*Exercise directions:*
Lines with the string "that" are to be identified in the listing and copied.

*Provided entries:*

----------

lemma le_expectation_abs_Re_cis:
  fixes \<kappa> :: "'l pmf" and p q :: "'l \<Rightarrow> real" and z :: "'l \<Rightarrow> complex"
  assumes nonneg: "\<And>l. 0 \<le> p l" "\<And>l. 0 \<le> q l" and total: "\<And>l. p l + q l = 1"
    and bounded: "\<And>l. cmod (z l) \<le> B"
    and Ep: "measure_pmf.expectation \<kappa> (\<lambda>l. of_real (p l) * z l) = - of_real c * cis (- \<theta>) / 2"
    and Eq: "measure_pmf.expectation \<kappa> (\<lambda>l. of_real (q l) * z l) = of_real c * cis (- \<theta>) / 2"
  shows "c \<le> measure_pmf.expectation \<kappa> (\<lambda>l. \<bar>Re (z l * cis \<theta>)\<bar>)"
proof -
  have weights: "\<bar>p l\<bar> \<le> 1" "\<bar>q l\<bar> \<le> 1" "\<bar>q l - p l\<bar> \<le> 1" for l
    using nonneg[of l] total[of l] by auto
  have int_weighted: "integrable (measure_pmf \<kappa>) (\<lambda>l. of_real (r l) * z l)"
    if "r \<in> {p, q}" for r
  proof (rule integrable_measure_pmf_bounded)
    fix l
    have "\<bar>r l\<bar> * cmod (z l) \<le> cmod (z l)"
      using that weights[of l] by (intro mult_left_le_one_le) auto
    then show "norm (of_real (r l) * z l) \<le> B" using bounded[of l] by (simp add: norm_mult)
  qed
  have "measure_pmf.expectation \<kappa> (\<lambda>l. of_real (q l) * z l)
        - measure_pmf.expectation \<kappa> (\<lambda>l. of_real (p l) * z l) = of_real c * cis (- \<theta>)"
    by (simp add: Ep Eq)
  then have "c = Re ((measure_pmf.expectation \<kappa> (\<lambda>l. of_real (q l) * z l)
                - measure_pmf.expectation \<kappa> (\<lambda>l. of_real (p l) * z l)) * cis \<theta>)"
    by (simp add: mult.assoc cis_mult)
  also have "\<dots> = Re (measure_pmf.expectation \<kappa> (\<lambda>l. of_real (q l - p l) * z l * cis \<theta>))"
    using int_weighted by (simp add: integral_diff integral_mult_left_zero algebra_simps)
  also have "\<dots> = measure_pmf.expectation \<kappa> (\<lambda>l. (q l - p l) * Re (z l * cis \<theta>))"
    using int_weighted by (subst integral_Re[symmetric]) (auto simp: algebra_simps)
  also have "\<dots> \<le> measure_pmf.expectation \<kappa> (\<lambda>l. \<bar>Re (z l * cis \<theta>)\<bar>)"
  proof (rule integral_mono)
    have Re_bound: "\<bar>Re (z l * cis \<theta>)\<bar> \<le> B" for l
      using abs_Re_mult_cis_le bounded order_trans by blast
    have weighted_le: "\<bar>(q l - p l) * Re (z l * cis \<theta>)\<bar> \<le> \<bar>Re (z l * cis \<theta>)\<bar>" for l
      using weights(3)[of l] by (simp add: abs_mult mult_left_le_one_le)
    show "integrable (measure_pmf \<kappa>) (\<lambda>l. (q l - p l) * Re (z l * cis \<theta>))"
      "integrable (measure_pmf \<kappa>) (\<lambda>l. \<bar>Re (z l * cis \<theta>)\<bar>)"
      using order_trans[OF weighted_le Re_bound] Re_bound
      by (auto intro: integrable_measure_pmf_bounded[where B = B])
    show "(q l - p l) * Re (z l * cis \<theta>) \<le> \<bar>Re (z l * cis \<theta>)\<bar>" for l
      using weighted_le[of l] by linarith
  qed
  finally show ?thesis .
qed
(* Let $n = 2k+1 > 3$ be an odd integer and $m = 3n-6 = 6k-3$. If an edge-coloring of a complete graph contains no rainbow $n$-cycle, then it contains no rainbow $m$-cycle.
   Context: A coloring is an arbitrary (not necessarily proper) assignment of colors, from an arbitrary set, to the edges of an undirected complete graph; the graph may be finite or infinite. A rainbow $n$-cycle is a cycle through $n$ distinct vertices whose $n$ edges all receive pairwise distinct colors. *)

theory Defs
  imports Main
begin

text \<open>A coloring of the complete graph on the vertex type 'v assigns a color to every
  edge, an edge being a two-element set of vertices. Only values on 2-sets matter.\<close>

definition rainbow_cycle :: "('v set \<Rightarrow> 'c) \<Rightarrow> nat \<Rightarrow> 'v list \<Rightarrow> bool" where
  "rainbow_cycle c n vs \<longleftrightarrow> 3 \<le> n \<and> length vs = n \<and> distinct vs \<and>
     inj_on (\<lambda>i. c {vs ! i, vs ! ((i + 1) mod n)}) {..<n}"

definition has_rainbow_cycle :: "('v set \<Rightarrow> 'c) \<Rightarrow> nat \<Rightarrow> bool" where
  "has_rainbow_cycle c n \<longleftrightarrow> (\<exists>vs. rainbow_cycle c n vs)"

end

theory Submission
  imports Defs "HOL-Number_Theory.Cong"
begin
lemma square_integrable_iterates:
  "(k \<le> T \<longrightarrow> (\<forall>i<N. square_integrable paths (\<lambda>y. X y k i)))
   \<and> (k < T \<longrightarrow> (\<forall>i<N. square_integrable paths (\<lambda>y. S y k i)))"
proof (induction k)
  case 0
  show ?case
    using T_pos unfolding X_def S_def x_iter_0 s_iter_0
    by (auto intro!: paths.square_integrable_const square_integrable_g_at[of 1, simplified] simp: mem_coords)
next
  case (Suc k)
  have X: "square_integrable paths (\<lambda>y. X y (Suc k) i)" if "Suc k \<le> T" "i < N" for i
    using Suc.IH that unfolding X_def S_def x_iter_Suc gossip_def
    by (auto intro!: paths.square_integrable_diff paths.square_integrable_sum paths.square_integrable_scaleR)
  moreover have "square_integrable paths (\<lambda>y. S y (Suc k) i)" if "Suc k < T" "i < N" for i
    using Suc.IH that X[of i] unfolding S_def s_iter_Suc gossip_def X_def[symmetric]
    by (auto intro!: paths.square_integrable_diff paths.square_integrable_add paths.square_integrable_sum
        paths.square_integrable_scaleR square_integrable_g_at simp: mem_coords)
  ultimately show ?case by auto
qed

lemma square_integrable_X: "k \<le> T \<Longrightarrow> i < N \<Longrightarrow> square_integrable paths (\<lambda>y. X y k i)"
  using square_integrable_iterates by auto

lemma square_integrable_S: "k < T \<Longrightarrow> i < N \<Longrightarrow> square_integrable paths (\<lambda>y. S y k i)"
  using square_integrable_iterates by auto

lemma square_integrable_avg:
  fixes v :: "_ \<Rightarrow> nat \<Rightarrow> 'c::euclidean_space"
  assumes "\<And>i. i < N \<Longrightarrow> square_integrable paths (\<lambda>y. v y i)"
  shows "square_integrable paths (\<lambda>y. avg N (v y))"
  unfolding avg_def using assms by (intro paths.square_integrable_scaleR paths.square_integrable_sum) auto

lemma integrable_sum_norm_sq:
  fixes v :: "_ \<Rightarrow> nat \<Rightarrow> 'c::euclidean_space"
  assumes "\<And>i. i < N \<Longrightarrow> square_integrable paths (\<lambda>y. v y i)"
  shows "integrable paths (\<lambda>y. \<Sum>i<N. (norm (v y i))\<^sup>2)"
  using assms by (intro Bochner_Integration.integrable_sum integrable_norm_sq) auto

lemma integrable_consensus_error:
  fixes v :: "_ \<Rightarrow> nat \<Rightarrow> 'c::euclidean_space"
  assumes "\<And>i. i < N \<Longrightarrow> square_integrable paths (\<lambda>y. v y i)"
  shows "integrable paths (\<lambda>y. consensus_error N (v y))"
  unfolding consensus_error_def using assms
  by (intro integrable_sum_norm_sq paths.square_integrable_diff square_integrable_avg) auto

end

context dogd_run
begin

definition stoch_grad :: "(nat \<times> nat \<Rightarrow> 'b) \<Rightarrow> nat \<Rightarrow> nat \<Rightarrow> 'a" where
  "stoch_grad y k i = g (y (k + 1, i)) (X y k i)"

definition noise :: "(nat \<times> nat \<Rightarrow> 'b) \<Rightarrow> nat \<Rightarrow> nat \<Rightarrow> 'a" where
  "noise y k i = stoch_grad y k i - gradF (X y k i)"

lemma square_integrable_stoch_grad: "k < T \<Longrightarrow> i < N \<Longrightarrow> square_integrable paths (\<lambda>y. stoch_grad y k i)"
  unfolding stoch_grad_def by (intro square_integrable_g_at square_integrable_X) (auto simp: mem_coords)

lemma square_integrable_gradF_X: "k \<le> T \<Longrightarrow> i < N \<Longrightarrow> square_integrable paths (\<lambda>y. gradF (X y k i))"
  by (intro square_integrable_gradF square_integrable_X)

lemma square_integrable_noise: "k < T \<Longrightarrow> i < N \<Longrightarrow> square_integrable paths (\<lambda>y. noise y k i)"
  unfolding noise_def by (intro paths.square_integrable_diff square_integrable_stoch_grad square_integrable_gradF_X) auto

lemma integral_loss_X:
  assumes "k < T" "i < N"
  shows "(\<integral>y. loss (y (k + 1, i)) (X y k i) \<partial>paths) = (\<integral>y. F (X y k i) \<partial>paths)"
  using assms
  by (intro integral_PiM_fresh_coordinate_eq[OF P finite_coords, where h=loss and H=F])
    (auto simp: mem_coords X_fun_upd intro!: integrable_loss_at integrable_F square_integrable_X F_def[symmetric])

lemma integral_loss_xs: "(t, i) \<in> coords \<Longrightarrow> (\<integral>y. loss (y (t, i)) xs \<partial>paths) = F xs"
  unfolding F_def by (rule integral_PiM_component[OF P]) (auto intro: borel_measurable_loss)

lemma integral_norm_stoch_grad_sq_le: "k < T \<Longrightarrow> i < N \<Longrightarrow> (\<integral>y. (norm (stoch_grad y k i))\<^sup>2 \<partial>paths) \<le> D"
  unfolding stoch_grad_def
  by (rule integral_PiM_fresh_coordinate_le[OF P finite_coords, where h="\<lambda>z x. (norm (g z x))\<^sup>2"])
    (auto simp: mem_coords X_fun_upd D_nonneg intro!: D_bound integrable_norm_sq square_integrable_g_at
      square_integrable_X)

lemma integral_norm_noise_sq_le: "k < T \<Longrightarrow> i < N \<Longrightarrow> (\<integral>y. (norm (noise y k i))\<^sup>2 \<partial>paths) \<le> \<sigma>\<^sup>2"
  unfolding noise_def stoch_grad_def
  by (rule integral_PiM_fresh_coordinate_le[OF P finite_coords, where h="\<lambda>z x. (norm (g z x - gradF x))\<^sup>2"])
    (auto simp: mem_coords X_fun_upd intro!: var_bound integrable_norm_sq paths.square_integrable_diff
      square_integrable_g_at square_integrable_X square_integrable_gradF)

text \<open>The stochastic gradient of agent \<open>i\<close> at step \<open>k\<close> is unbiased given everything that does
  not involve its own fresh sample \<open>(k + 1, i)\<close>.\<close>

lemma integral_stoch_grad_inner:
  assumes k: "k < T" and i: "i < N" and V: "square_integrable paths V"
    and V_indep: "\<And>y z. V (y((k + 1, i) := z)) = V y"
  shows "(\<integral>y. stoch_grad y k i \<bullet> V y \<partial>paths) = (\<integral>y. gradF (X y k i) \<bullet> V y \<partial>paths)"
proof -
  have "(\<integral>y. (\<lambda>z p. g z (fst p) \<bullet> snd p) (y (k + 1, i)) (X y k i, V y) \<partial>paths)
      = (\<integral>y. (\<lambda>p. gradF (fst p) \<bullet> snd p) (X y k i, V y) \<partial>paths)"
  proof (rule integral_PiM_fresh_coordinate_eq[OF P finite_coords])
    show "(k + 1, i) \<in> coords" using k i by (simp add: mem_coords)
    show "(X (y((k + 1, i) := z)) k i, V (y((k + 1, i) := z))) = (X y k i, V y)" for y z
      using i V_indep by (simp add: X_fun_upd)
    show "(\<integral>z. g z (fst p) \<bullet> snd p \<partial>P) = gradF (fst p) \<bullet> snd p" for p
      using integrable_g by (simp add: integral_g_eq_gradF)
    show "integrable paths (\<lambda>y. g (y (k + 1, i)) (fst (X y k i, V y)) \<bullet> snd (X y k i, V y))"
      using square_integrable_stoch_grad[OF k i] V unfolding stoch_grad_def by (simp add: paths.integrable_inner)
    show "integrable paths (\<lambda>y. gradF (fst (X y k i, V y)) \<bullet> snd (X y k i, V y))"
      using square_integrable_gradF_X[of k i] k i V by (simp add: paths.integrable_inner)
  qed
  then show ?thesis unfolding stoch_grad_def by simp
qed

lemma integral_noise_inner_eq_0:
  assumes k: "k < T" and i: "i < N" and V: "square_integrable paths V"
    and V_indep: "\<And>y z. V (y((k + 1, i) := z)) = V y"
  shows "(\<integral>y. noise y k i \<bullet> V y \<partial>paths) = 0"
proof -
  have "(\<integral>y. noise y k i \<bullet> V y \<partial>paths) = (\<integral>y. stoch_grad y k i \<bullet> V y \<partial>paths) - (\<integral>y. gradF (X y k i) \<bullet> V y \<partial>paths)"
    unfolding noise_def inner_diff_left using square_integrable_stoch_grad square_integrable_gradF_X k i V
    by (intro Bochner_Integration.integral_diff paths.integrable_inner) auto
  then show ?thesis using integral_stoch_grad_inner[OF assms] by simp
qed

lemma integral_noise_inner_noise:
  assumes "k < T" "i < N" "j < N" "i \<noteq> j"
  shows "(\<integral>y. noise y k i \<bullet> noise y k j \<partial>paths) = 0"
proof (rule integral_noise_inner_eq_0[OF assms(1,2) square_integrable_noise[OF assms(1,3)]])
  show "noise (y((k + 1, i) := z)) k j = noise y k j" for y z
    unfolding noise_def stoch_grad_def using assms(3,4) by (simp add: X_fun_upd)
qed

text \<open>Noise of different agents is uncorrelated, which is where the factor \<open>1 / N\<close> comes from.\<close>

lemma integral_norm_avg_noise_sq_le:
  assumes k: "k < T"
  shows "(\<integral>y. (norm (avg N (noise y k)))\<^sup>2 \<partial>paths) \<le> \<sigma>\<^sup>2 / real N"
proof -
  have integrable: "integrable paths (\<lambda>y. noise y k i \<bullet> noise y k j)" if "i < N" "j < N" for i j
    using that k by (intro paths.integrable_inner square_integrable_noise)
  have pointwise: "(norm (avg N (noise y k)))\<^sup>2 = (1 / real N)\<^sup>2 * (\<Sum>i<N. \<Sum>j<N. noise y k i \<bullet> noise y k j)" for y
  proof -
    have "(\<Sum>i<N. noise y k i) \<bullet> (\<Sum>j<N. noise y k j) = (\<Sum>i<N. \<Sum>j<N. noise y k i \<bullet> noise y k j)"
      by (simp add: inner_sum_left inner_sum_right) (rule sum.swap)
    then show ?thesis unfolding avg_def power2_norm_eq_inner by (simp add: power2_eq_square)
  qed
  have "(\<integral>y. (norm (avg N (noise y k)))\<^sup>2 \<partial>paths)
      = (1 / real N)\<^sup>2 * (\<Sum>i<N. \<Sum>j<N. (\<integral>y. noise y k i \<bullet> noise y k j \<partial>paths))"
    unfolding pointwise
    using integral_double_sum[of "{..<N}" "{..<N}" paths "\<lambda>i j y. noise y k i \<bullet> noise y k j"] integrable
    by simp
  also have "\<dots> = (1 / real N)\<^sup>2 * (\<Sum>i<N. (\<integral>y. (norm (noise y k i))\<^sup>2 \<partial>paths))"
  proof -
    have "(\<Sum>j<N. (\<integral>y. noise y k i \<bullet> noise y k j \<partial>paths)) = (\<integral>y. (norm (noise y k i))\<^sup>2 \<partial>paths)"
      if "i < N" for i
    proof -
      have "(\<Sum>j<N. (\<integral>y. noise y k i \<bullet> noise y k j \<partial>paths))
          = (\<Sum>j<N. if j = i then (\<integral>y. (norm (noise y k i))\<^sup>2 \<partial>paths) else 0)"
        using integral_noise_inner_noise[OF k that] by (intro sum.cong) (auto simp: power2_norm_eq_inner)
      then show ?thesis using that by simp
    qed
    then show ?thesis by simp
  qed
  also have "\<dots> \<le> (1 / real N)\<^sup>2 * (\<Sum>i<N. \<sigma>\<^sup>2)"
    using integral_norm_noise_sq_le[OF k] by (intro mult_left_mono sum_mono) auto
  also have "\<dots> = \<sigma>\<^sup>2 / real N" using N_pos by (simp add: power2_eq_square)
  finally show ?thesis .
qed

----------

*Reply to the exercise:*
      using that weights[of l] by (intro mult_left_le_one_le) auto
    using Suc.IH that unfolding X_def S_def x_iter_Suc gossip_def
    using Suc.IH that X[of i] unfolding S_def s_iter_Suc gossip_def X_def[symmetric]
text \<open>The stochastic gradient of agent \<open>i\<close> at step \<open>k\<close> is unbiased given everything that does
    using that k by (intro paths.integrable_inner square_integrable_noise)
        using integral_noise_inner_noise[OF k that] by (intro sum.cong) (auto simp: power2_norm_eq_inner)
      then show ?thesis using that by simp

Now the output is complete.